Del Nero was elected president of the Federação Paulista de Futebol in 2003 and re-elected for another term in 2010. On 22 March 2012, he replaced Ricardo Teixeira on the FIFA Executive Committee.

On 16 April 2014, Del Nero was elected to replace José Maria Marin as president of the Brazilian Football Confederation in 2015.

== Involvement with FIFA Scandal ==
In May 2015, Del Nero suddenly left Zurich for Brazil, in the wake of the arrests of several FIFA executives.
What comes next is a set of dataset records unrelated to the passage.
(* Fix $C>0$. (i) There exists $\varepsilon_0>0$ such that for all $0<\varepsilon<\varepsilon_0$, all $s>0$, all $\omega\in\mathcal C^{\rm opt}_{s,\varepsilon}$ and all $t_0\in[0,L(\omega)]$: if $\omega_2(t_0)\ge C\varepsilon$ then $\omega_2(t)\ge\tfrac C2\varepsilon$ for all $t\in[t_0,L(\omega)]$. (ii) There exists $\varepsilon_0>0$ such that for all $(\varepsilon,s)\in\mathcal I_{\varepsilon_0}$, all $\omega\in\mathcal C^{\rm opt}_{s,\varepsilon}$ and all $t_0\in[0,L(\omega)]$: if $\omega_2(t_0)\ge C\varepsilon$ then $\omega_1(t)\ge(\tfrac C4\varepsilon)^q$ for all $t\in[t_0,L(\omega)]$.
   Context: Fix an odd integer $b\geq5$, $q=b/2$. Let $P(x_1,x_2)=x_1^2-x_2^b$, $\widetilde P(x_1,x_2)=P(x_1,x_2)$ if $x_2\ge0$ and $x_1^2$ if $x_2<0$. Let $\mathcal M=(\mathbb{R}^3,\mathrm{span}\{X_1,X_2\},g)$ with $X_1=\partial_{x_1}$, $X_2=\partial_{x_2}+P(x_1,x_2)^2\partial_{x_3}$ orthonormal; $L_{\rm SR},d_{\rm SR}$ sub-Riemannian length and distance; $L(\cdot)$ Euclidean length. $\gamma(t)=(0,t,\tfrac{t^{2b+1}}{2b+1})$ for $t<0$, $\gamma(t)=(t^q,t,0)$ for $t\ge0$, $\gamma_{s,\varepsilon}=\gamma|_{[-s,\varepsilon]}$, $\pi(x_1,x_2,x_3)=(x_1,x_2)$. $\mathcal C^{\rm opt}_{s,\varepsilon}$ is the set of arc-length parametrized $\omega:[0,T]\to\mathbb{R}^2$, $T=L(\omega)$, with $\omega=\pi\circ\eta$ for a horizontal $\eta$ from $\gamma(-s)$ to $\gamma(\varepsilon)$ with $L_{\rm SR}(\eta)=d_{\rm SR}(\gamma(-s),\gamma(\varepsilon))$, $\omega$ not the arc-length reparametrization of $\pi\circ\gamma_{s,\varepsilon}$. $\beta_\omega=\max|P\circ\omega|$, $\widetilde\beta_\omega=\max|\widetilde P\circ\omega|$. Standing choices: $\varepsilon_\star>0$ is fixed so that for every $0<\varepsilon<\varepsilon_\star$, $\gamma|_{[0,\varepsilon]}$ is the unique (up to reparametrization) length-minimizer between $(0,0,0)$ and $(\varepsilon^q,\varepsilon,0)$; $M>3q-1$ is fixed; for each $0<\varepsilon<\varepsilon_\star$, $\bar s(\varepsilon,M)>0$ is fixed so that for all $0<s<\bar s(\varepsilon,M)$ and all $\omega\in\mathcal C^{\rm opt}_{s,\varepsilon}$, $\beta_\omega,\widetilde\beta_\omega<\varepsilon^M$. For $\varepsilon_0>0$, $\mathcal I_{\varepsilon_0}=\{(\varepsilon,s)\in(0,\infty)^2:\ \varepsilon<\min\{\varepsilon_\star,\varepsilon_0\},\ s<\min\{\bar s(\varepsilon,M),\varepsilon^2\}\}$. *)

theory Defs
  imports "HOL-Analysis.Analysis"
begin

type_synonym pt3 = "real \<times> real \<times> real"
type_synonym pt2 = "real \<times> real"

definition qexp :: "nat \<Rightarrow> real" where
  "qexp b = real b / 2"

definition Pf :: "nat \<Rightarrow> real \<Rightarrow> real \<Rightarrow> real" where
  "Pf b x1 x2 = x1^2 - x2^b"

definition Ptil :: "nat \<Rightarrow> real \<Rightarrow> real \<Rightarrow> real" where
  "Ptil b x1 x2 = (if x2 \<ge> 0 then Pf b x1 x2 else x1^2)"

definition proj :: "pt3 \<Rightarrow> pt2" where
  "proj p = (fst p, fst (snd p))"

definition curve_len :: "real \<Rightarrow> real \<Rightarrow> (real \<Rightarrow> 'a::real_normed_vector) \<Rightarrow> real" where
  "curve_len a b c = integral {a..b} (\<lambda>t. norm (vector_derivative c (at t within {a..b})))"

text \<open>Horizontal curves on [a,T] for the frame X1 = d/dx1, X2 = d/dx2 + P^2 d/dx3:
  Lipschitz curves whose velocity is a.e. u1 X1 + u2 X2.\<close>
definition horizontal :: "nat \<Rightarrow> (real \<Rightarrow> pt3) \<Rightarrow> real \<Rightarrow> real \<Rightarrow> bool" where
  "horizontal b \<eta> a T \<longleftrightarrow> a \<le> T \<and> (\<exists>K. K-lipschitz_on {a..T} \<eta>) \<and>
     (\<exists>u1 u2 :: real \<Rightarrow> real. AE t in lborel. t \<in> {a..T} \<longrightarrow>
        (\<eta> has_vector_derivative
           (u1 t, u2 t, (Pf b (fst (\<eta> t)) (fst (snd (\<eta> t))))^2 * u2 t)) (at t within {a..T}))"

text \<open>Sub-Riemannian length: integral of sqrt(u1^2+u2^2), i.e. the Euclidean length of
  the projection (X1, X2 orthonormal and projecting onto e1, e2).\<close>
definition sr_length :: "(real \<Rightarrow> pt3) \<Rightarrow> real \<Rightarrow> real \<Rightarrow> real" where
  "sr_length \<eta> a T = curve_len a T (proj \<circ> \<eta>)"

definition d_SR :: "nat \<Rightarrow> pt3 \<Rightarrow> pt3 \<Rightarrow> real" where
  "d_SR b p p' = Inf {sr_length \<eta> 0 T | \<eta> T. horizontal b \<eta> 0 T \<and> \<eta> 0 = p \<and> \<eta> T = p'}"

definition gam :: "nat \<Rightarrow> real \<Rightarrow> pt3" where
  "gam b t = (if t < 0 then (0, t, t^(2*b+1) / (2*b+1)) else (t powr qexp b, t, 0))"

definition minimizer :: "nat \<Rightarrow> (real \<Rightarrow> pt3) \<Rightarrow> real \<Rightarrow> real \<Rightarrow> bool" where
  "minimizer b \<eta> a T \<longleftrightarrow> horizontal b \<eta> a T \<and> sr_length \<eta> a T = d_SR b (\<eta> a) (\<eta> T)"

definition reparam_of :: "(real \<Rightarrow> 'a) \<Rightarrow> real \<Rightarrow> (real \<Rightarrow> 'a) \<Rightarrow> real \<Rightarrow> real \<Rightarrow> bool" where
  "reparam_of \<eta> T c a a' \<longleftrightarrow> (\<exists>\<phi>. continuous_on {0..T} \<phi> \<and> mono_on {0..T} \<phi> \<and>
      \<phi> ` {0..T} = {a..a'} \<and> (\<forall>t\<in>{0..T}. \<eta> t = c (\<phi> t)))"

definition unique_min_gamma :: "nat \<Rightarrow> real \<Rightarrow> bool" where
  "unique_min_gamma b \<epsilon> \<longleftrightarrow> minimizer b (gam b) 0 \<epsilon> \<and>
     (\<forall>\<eta> T. horizontal b \<eta> 0 T \<and> \<eta> 0 = gam b 0 \<and> \<eta> T = gam b \<epsilon> \<and>
        sr_length \<eta> 0 T = d_SR b (gam b 0) (gam b \<epsilon>) \<longrightarrow> reparam_of \<eta> T (gam b) 0 \<epsilon>)"

definition arclength :: "(real \<Rightarrow> pt2) \<Rightarrow> real \<Rightarrow> bool" where
  "arclength \<omega> T \<longleftrightarrow> 0 \<le> T \<and> (\<forall>t1\<in>{0..T}. \<forall>t2\<in>{0..T}. t1 \<le> t2 \<longrightarrow> curve_len t1 t2 \<omega> = t2 - t1)"

definition arclength_reparam :: "(real \<Rightarrow> pt2) \<Rightarrow> real \<Rightarrow> (real \<Rightarrow> pt2) \<Rightarrow> real \<Rightarrow> real \<Rightarrow> bool" where
  "arclength_reparam \<omega> T c a a' \<longleftrightarrow> T = curve_len a a' c \<and>
     (\<forall>t\<in>{a..a'}. \<omega> (curve_len a t c) = c t)"

definition Copt :: "nat \<Rightarrow> real \<Rightarrow> real \<Rightarrow> (real \<Rightarrow> pt2) \<Rightarrow> real \<Rightarrow> bool" where
  "Copt b s \<epsilon> \<omega> T \<longleftrightarrow> arclength \<omega> T \<and> T = curve_len 0 T \<omega> \<and>
     (\<exists>\<eta>. horizontal b \<eta> 0 T \<and> \<eta> 0 = gam b (-s) \<and> \<eta> T = gam b \<epsilon> \<and>
        sr_length \<eta> 0 T = d_SR b (gam b (-s)) (gam b \<epsilon>) \<and>
        (\<forall>t\<in>{0..T}. \<omega> t = proj (\<eta> t))) \<and>
     \<not> arclength_reparam \<omega> T (proj \<circ> gam b) (-s) \<epsilon>"

definition beta :: "nat \<Rightarrow> (real \<Rightarrow> pt2) \<Rightarrow> real \<Rightarrow> real" where
  "beta b \<omega> T = Sup ((\<lambda>t. \<bar>Pf b (fst (\<omega> t)) (snd (\<omega> t))\<bar>) ` {0..T})"

definition beta_til :: "nat \<Rightarrow> (real \<Rightarrow> pt2) \<Rightarrow> real \<Rightarrow> real" where
  "beta_til b \<omega> T = Sup ((\<lambda>t. \<bar>Ptil b (fst (\<omega> t)) (snd (\<omega> t))\<bar>) ` {0..T})"

definition Iset :: "real \<Rightarrow> (real \<Rightarrow> real \<Rightarrow> real) \<Rightarrow> real \<Rightarrow> real \<Rightarrow> (real \<times> real) set" where
  "Iset eps_star sbar M \<epsilon>0 = {(\<epsilon>, s). 0 < \<epsilon> \<and> 0 < s \<and> \<epsilon> < min eps_star \<epsilon>0 \<and> s < min (sbar \<epsilon> M) (\<epsilon>^2)}"

end

theory Submission
  imports Defs
begin

text \<open>An optimal curve has length \<open>T = d\<^sub>S\<^sub>R(\<gamma>(-s), \<gamma>(\<epsilon>)) \<le> s + \<epsilon> + \<epsilon>\<^sup>q\<close>, because \<open>\<gamma>\<close> itself,
  suitably reparametrized, is a horizontal competitor; and since \<open>\<omega>\<close> is parametrized by arc
  length, \<open>\<omega>\<^sub>2\<close> is 1-Lipschitz.
  For (i): if \<open>\<omega>\<^sub>2\<close> fell from \<open>C\<epsilon>\<close> to below \<open>C\<epsilon>/2\<close> after \<open>t\<^sub>0\<close>, then \<open>\<omega>\<close> would climb from \<open>-s\<close>
  to \<open>C\<epsilon>\<close>, descend by \<open>C\<epsilon>/2\<close> and climb back to \<open>\<epsilon>\<close>, a length of more than
  \<open>s + \<epsilon> + C\<epsilon> > s + \<epsilon> + \<epsilon>\<^sup>q\<close> for small \<open>\<epsilon>\<close>.
  For (ii): \<open>|\<omega>\<^sub>1\<^sup>2 - \<omega>\<^sub>2\<^sup>b| \<le> \<beta>\<^sub>\<omega> < \<epsilon>\<^sup>M\<close> with \<open>M > b\<close> and (i) force \<open>\<omega>\<^sub>1\<^sup>2 \<ge> (C\<epsilon>/2)\<^sup>b/2 \<ge> (C\<epsilon>/4)\<^sup>b\<close>
  after \<open>t\<^sub>0\<close>, and \<open>\<omega>\<^sub>1\<close> keeps the sign of \<open>\<omega>\<^sub>1(T) = \<epsilon>\<^sup>q > 0\<close> there.\<close>

section \<open>Real analysis\<close>

lemma AE_lborel_negligibleE:
  assumes "AE x in lborel. P x"
  obtains N where "negligible N" "\<And>x. x \<notin> N \<Longrightarrow> P x"
proof -
  obtain N where N: "{x \<in> space lborel. \<not> P x} \<subseteq> N" "emeasure lborel N = 0" "N \<in> sets lborel"
    by (rule AE_E[OF assms])
  then have "negligible N"
    unfolding negligible_iff_null_sets by (auto intro: null_sets_completionI null_setsI)
  moreover have "P x" if "x \<notin> N" for x
    using N(1) that by auto
  ultimately show thesis
    using that by blast
qed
Del Nero resigned as a member of FIFA's executive committee in November 2015. In December 2015, after being indicted by the U.S. Department of Justice, Del Nero left the presidency, leaving Brazilian Federal Deputy Marcus Vicente as interim president.

In April 2016, Del Nero returned as official president of the CBF.

On 15 December 2017, FIFA suspended Del Nero as the head of the Brazilian Football Confederation, as consequence of the FIFA corruption scandal.

Del Nero has not left Brazil since May 2015, not even to follow matches of the Brazil national football team, nor to attend official obligations at FIFA or Conmebol. The appointed reason is the eminence of being arrested, just like his predecessor, because of the FIFA corruption scandal. However, he does not comment on the matter.

On 27 April 2018, FIFA handed a lifetime ban to Marco Polo Del Nero for taking bribes. He was also fined one million francs.